I think the most enjoyable thing is it’s new. Each day with your team, we’re the ones establishing the foundation, our strategy, our models; we’re testing and trying new things. If it works, we do it again. If it doesn’t, we don’t.
It’s not like previous workplaces that have been established for many years and we are just refining things.
What career advice would you share with young alumni?
The job market in Vietnam is quite active and there are a lot of opportunities for people. But my advice would be not to switch jobs a lot. When I read a CV, if they’ve jumped jobs every year then I’m not interested. At least two years at one place is better.
So my advice would be to pick the position that you really like. If you like it, you can rise to the challenges and get over the obstacles on the way. If you realise that you don’t like it, if you can’t get into it, just leave early. Don’t waste time.
We spend half our lives at work. Choose the place that has good people to support you and that fits with what you want. Culture is so important, support from your colleagues and your boss, and having the room to use your skills.
What are your strongest memories from studying here in Wellington?
I know Wellington is a windy city, but I still remember the nice days too, with sunny, good weather, and after class we’d eat ice cream lying on the beach by the harbour. Or the early morning trips to the Wellington Botanic Gardens to go jogging and enjoy the fresh air.
I loved the travel part, every break I went travelling with friends to many places around New Zealand, it was lovely. I loved Christchurch.

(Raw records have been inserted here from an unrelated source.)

(* Let $f\in L^\infty(\mathbb T^d)$ be a probability density, let $X_1,\dots,X_{2n}$ be i.i.d. with density $f$, split as $\mathcal S^1=(X_1,\dots,X_n)$ and $\mathcal S^2=(X_{n+1},\dots,X_{2n})$, and let $\tilde f_n$ be an estimator of $f$ based on $\mathcal S^1$. For $j\ge0$ and $\delta\in\mathbb R$ let $$U_{n,j}(\tilde f_n)=\frac{2}{n(n-1)}\sum_{i<i',\ i,i'\in\mathcal S^2}\sum_{l<j}2^{-2l}(l\vee1)^{2\delta}\sum_{k=0}^{2^{ld}-1}\big(\psi_{lk}(X_i)-\langle\psi_{lk},\tilde f_n\rangle\big)\big(\psi_{lk}(X_{i'})-\langle\psi_{lk},\tilde f_n\rangle\big).$$ Then $$\mathrm{Var}^{(2)}(U_{n,j}(\tilde f_n))\le\frac{4\|f\|_\infty}{n}\Big(\max_{l\ge-1}4^{-l}(1\vee l)^{2\delta}\Big)\|K_j(f-\tilde f_n)\|_{H^{-1,\delta}}^2+\frac{2\|f\|_\infty^2}{n(n-1)}\sum_{l\le j-1}2^{l(d-4)}(l\vee1)^{4\delta}.$$
   Context: $\mathbb T^d$ is the $d$-dimensional torus; $\{\phi\equiv1,\psi_{lk}:l\ge0,0\le k<2^{ld}\}$ is an $S$-regular periodised tensor-product Daubechies wavelet orthonormal basis of $L_2(\mathbb T^d)$; $\langle f,g\rangle=\int fg$, $\langle f,\psi_{l\cdot}\rangle=(\langle f,\psi_{lk}\rangle)_k$. $\mathrm{Var}^{(2)}$ denotes the variance with respect to the subsample $\mathcal S^2$ only (conditionally on $\mathcal S^1$). $K_j(g)=\langle g,1\rangle+\sum_{l<j}\sum_{k}\langle g,\psi_{lk}\rangle\psi_{lk}$. $\|g\|_{H^{-1,\delta}}=|\langle g,1\rangle|+\big(\sum_{l\ge0}2^{-2l}\max(l,1)^{2\delta}\|\langle g,\psi_{l\cdot}\rangle\|_{\ell_2}^2\big)^{1/2}$. Sums over $l$ range over integers $l\ge0$ unless indicated. *)

theory Defs
  imports "HOL-Probability.Probability"
begin

text \<open>The torus T^d, represented by its fundamental domain [0,1)^d with Lebesgue measure.\<close>
definition torus_set :: "(real ^ 'd) set" where
  "torus_set = {x. \<forall>i. 0 \<le> x $ i \<and> x $ i < 1}"

definition torus :: "(real ^ 'd) measure" where
  "torus = restrict_space lborel torus_set"

definition inner_T :: "(real ^ 'd \<Rightarrow> real) \<Rightarrow> (real ^ 'd \<Rightarrow> real) \<Rightarrow> real" where
  "inner_T g h = (LINT x|torus. g x * h x)"

definition nwav :: "'d itself \<Rightarrow> nat \<Rightarrow> nat" where
  "nwav _ l = 2 ^ (l * CARD('d))"

definition L2_T :: "(real ^ 'd \<Rightarrow> real) set" where
  "L2_T = {g. g \<in> borel_measurable torus \<and> integrable torus (\<lambda>x. (g x)\<^sup>2)}"

text \<open>{1} \<union> {psi l k : l \<ge> 0, k < 2^(ld)} is an orthonormal basis of L2(T^d)
  consisting of bounded measurable functions (completeness stated via Parseval).\<close>
definition wavelet_ONB :: "(nat \<Rightarrow> nat \<Rightarrow> real ^ 'd \<Rightarrow> real) \<Rightarrow> bool" where
  "wavelet_ONB psi \<longleftrightarrow>
     (\<forall>l k. k < nwav TYPE('d) l \<longrightarrow>
        psi l k \<in> borel_measurable torus \<and>
        (\<exists>B. \<forall>x\<in>torus_set. \<bar>psi l k x\<bar> \<le> B) \<and>
        inner_T (psi l k) (\<lambda>_. 1) = 0) \<and>
     (\<forall>l k l' k'. k < nwav TYPE('d) l \<longrightarrow> k' < nwav TYPE('d) l' \<longrightarrow>
        inner_T (psi l k) (psi l' k') = (if l = l' \<and> k = k' then 1 else 0)) \<and>
     (\<forall>g\<in>L2_T. (\<lambda>l. \<Sum>k<nwav TYPE('d) l. (inner_T g (psi l k))\<^sup>2) sums
        (inner_T g g - (inner_T g (\<lambda>_. 1))\<^sup>2))"

definition Kproj :: "(nat \<Rightarrow> nat \<Rightarrow> real ^ 'd \<Rightarrow> real) \<Rightarrow> nat \<Rightarrow> (real ^ 'd \<Rightarrow> real) \<Rightarrow> real ^ 'd \<Rightarrow> real" where
  "Kproj psi j g = (\<lambda>x. inner_T g (\<lambda>_. 1) +
      (\<Sum>l<j. \<Sum>k<nwav TYPE('d) l. inner_T g (psi l k) * psi l k x))"

text \<open>The H^{-1,delta} norm; the l2 norm of the level-l coefficients is squared.\<close>
definition Hnorm :: "(nat \<Rightarrow> nat \<Rightarrow> real ^ 'd \<Rightarrow> real) \<Rightarrow> real \<Rightarrow> (real ^ 'd \<Rightarrow> real) \<Rightarrow> real" where
  "Hnorm psi \<delta> g = \<bar>inner_T g (\<lambda>_. 1)\<bar> +
     sqrt (\<Sum>l. 2 powr (- 2 * real l) * real (max l 1) powr (2 * \<delta>) *
                 (\<Sum>k<nwav TYPE('d) l. (inner_T g (psi l k))\<^sup>2))"

text \<open>The U-statistic U_{n,j}(g) computed from the second subsample xs 0, ..., xs (n-1).\<close>
definition Ustat :: "(nat \<Rightarrow> nat \<Rightarrow> real ^ 'd \<Rightarrow> real) \<Rightarrow> real \<Rightarrow> nat \<Rightarrow> nat \<Rightarrow>
    (real ^ 'd \<Rightarrow> real) \<Rightarrow> (nat \<Rightarrow> real ^ 'd) \<Rightarrow> real" where
  "Ustat psi \<delta> n j g xs = 2 / (real n * (real n - 1)) *
     (\<Sum>i'<n. \<Sum>i<i'. \<Sum>l<j. 2 powr (- 2 * real l) * real (max l 1) powr (2 * \<delta>) *
        (\<Sum>k<nwav TYPE('d) l. (psi l k (xs i) - inner_T (psi l k) g) *
                                 (psi l k (xs i') - inner_T (psi l k) g)))"

definition Linf_norm :: "(real ^ 'd \<Rightarrow> real) \<Rightarrow> real" where
  "Linf_norm f = real_of_ereal (esssup torus (\<lambda>x. ereal \<bar>f x\<bar>))"

definition sample_law :: "(real ^ 'd \<Rightarrow> real) \<Rightarrow> nat \<Rightarrow> (nat \<Rightarrow> real ^ 'd) measure" where
  "sample_law f n = PiM {..<n} (\<lambda>_. density torus (\<lambda>x. ennreal (f x)))"

end

theory Submission
  imports Defs "HOL-Real_Asymp.Real_Asymp"
begin

text \<open>
  Write u_p = psi_p - E psi_p(X) and a_p = <f - g, psi_p> for the wavelets p = (l, k) with l < j,
  and w_p for the level weights. The kernel of the U-statistic splits (Hoeffding decomposition)
  into a constant, a linear part (n - 1) sum_p w_p a_p sum_i u_p(X_i) and a degenerate part
  sum_p w_p sum_(i < i') u_p(X_i) u_p(X_i'). The two random parts are centred and uncorrelated,
  which gives the exact variance
    2 / (n (n - 1)) sum_(p,q) w_p w_q C_pq^2 + 4 / n sum_(p,q) w_p a_p w_q a_q C_pq,
  where C is the covariance matrix of the psi_p under f. The second sum is the variance of
  sum_p w_p a_p psi_p(X), hence at most ||f||_oo sum_p (w_p a_p)^2 by orthonormality. For the
  first, Bessel's inequality applied to f u_p bounds every row sum sum_q C_pq^2 by ||f||_oo^2,
  and w_p w_q <= (w_p^2 + w_q^2) / 2 then gives the bound ||f||_oo^2 sum_p w_p^2.
\<close>

definition ess_bounded :: "'a measure \<Rightarrow> ('a \<Rightarrow> real) \<Rightarrow> bool" where
  "ess_bounded M h \<longleftrightarrow> h \<in> borel_measurable M \<and> (\<exists>B. AE x in M. \<bar>h x\<bar> \<le> B)"

lemma ess_bounded_const [simp]: "ess_bounded M (\<lambda>_. c)"
  unfolding ess_bounded_def by (intro conjI exI[of _ "\<bar>c\<bar>"]) auto

lemma ess_bounded_add:
  assumes "ess_bounded M f" "ess_bounded M g"
  shows "ess_bounded M (\<lambda>x. f x + g x)"
proof -
  obtain A B where "AE x in M. \<bar>f x\<bar> \<le> A" "AE x in M. \<bar>g x\<bar> \<le> B"
    using assms unfolding ess_bounded_def by blast
  then have "AE x in M. \<bar>f x + g x\<bar> \<le> A + B" by eventually_elim linarith
  moreover have "(\<lambda>x. f x + g x) \<in> borel_measurable M"
    using assms unfolding ess_bounded_def by (intro borel_measurable_add) auto
  ultimately show ?thesis unfolding ess_bounded_def by blast
qed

I still remember the very first day I arrived in Wellington. It was late in the evening, after a very long time flying, and I was travelling to my hostel and it was so quiet. No one was on the streets, not like in Vietnam where we are always out until really late at night and it’s very crowded. I was like, oh my god. But I got used to my new life and after a month I started to love it, the weather, the people, the school, and the staff at MacKenzie Hall.
What advice would you give other students thinking of studying here?

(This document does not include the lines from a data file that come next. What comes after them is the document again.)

(* Let \[K_2=\langle x,t \mid [x,\ txt^{-1}\,x\,tx^{-1}t^{-1}],\ t^2\rangle.\] Then the subgroup $\langle x, txt^{-1}\rangle$ of $K_2$ is isomorphic to the (integral) Heisenberg group $\langle a,b\mid [a,[a,b]],[b,[a,b]]\rangle$, and it has index $2$ in $K_2$ with transversal $\{1,t\}$.
   Context: Commutator convention: $[u,v]=uvu^{-1}v^{-1}$; a relator $r$ in a presentation means $r=1$. *)

theory Defs
  imports "HOL-Algebra.Coset" "HOL-Algebra.Generated_Groups"
begin

text \<open>Words in a free group on generators of type 'g: letters (True,g) = g, (False,g) = g inverse.\<close>
type_synonym 'g word = "(bool \<times> 'g) list"

definition winv :: "'g word \<Rightarrow> 'g word" where
  "winv w = rev (map (\<lambda>(b,g). (\<not> b, g)) w)"

definition wcomm :: "'g word \<Rightarrow> 'g word \<Rightarrow> 'g word" where
  "wcomm u v = u @ v @ winv u @ winv v"

inductive_set pres_rel :: "'g word set \<Rightarrow> ('g word \<times> 'g word) set" for Rs where
  prefl: "(w, w) \<in> pres_rel Rs"
| psym: "(u, v) \<in> pres_rel Rs \<Longrightarrow> (v, u) \<in> pres_rel Rs"
| ptrans: "(u, v) \<in> pres_rel Rs \<Longrightarrow> (v, w) \<in> pres_rel Rs \<Longrightarrow> (u, w) \<in> pres_rel Rs"
| pcancel: "(u @ [(b, g), (\<not> b, g)] @ v, u @ v) \<in> pres_rel Rs"
| prelator: "r \<in> Rs \<Longrightarrow> (u @ r @ v, u @ v) \<in> pres_rel Rs"

definition word_class :: "'g word set \<Rightarrow> 'g word \<Rightarrow> 'g word set" where
  "word_class Rs w = pres_rel Rs `` {w}"

definition presented_group :: "'g word set \<Rightarrow> ('g word set) monoid" where
  "presented_group Rs =
     \<lparr> carrier = UNIV // pres_rel Rs,
       monoid.mult = (\<lambda>A B. \<Union>a\<in>A. \<Union>b\<in>B. word_class Rs (a @ b)),
       one = word_class Rs [] \<rparr>"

My advice would be not only to students, but also now, be open to challenges and accept them.
People can complain that their workplaces aren’t good, that their jobs are hard, but I think everywhere is the same—all jobs are difficult, and all life is not easy. So, if we accept that and we are open to new experiences it will be easier.
Studying is a really good time in your life. Focus on studying and focus on enjoying your time at university.
What’s the current situation like with COVID-19 in Vietnam?
Vietnam’s first wave of COVID-19 went okay. But we now have a second wave.
Everyone is working hard to prevent the impact on the economy. We are getting back to a growth trend but people are spending less, a lot less than before, and they focus on the commodities, the basic things. It is impacting jobs and salaries.
I do believe we are less impacted in my part of society. I do believe it is harder for blue collar workers more, those in less stable jobs.
Behaviour-wise, people are doing more online. Making a cup of coffee and opening up a conference call with friends. We stay distant, some people work in the office, some work at home.
But in a good way, I think it is focusing us on the relationships that we really treasure. Rather than thinking I need to hang out with my boss in order to ask him or her for a promotion or to increase my salary. I need to hang out with my business partner to maintain that relationship. It's not important. Just focus on the relationships with family and close friends.
One change for Vietnam is as a country there’s a lot of night life, young people going out, eating out, street food but we’re not doing that now. So we’re starting to cook at home, for lunch and dinners. Food delivery service is becoming really popular now.
Another interesting angle is online payments. In Vietnam like 95 percent of the payment is made in cash and people are not very comfortable with cards. But it’s different now because it’s dangerous to pay with money. So, using e-commerce and online services is increasing a lot.
As told to Alumni Engagement Manager Heidi Stedman.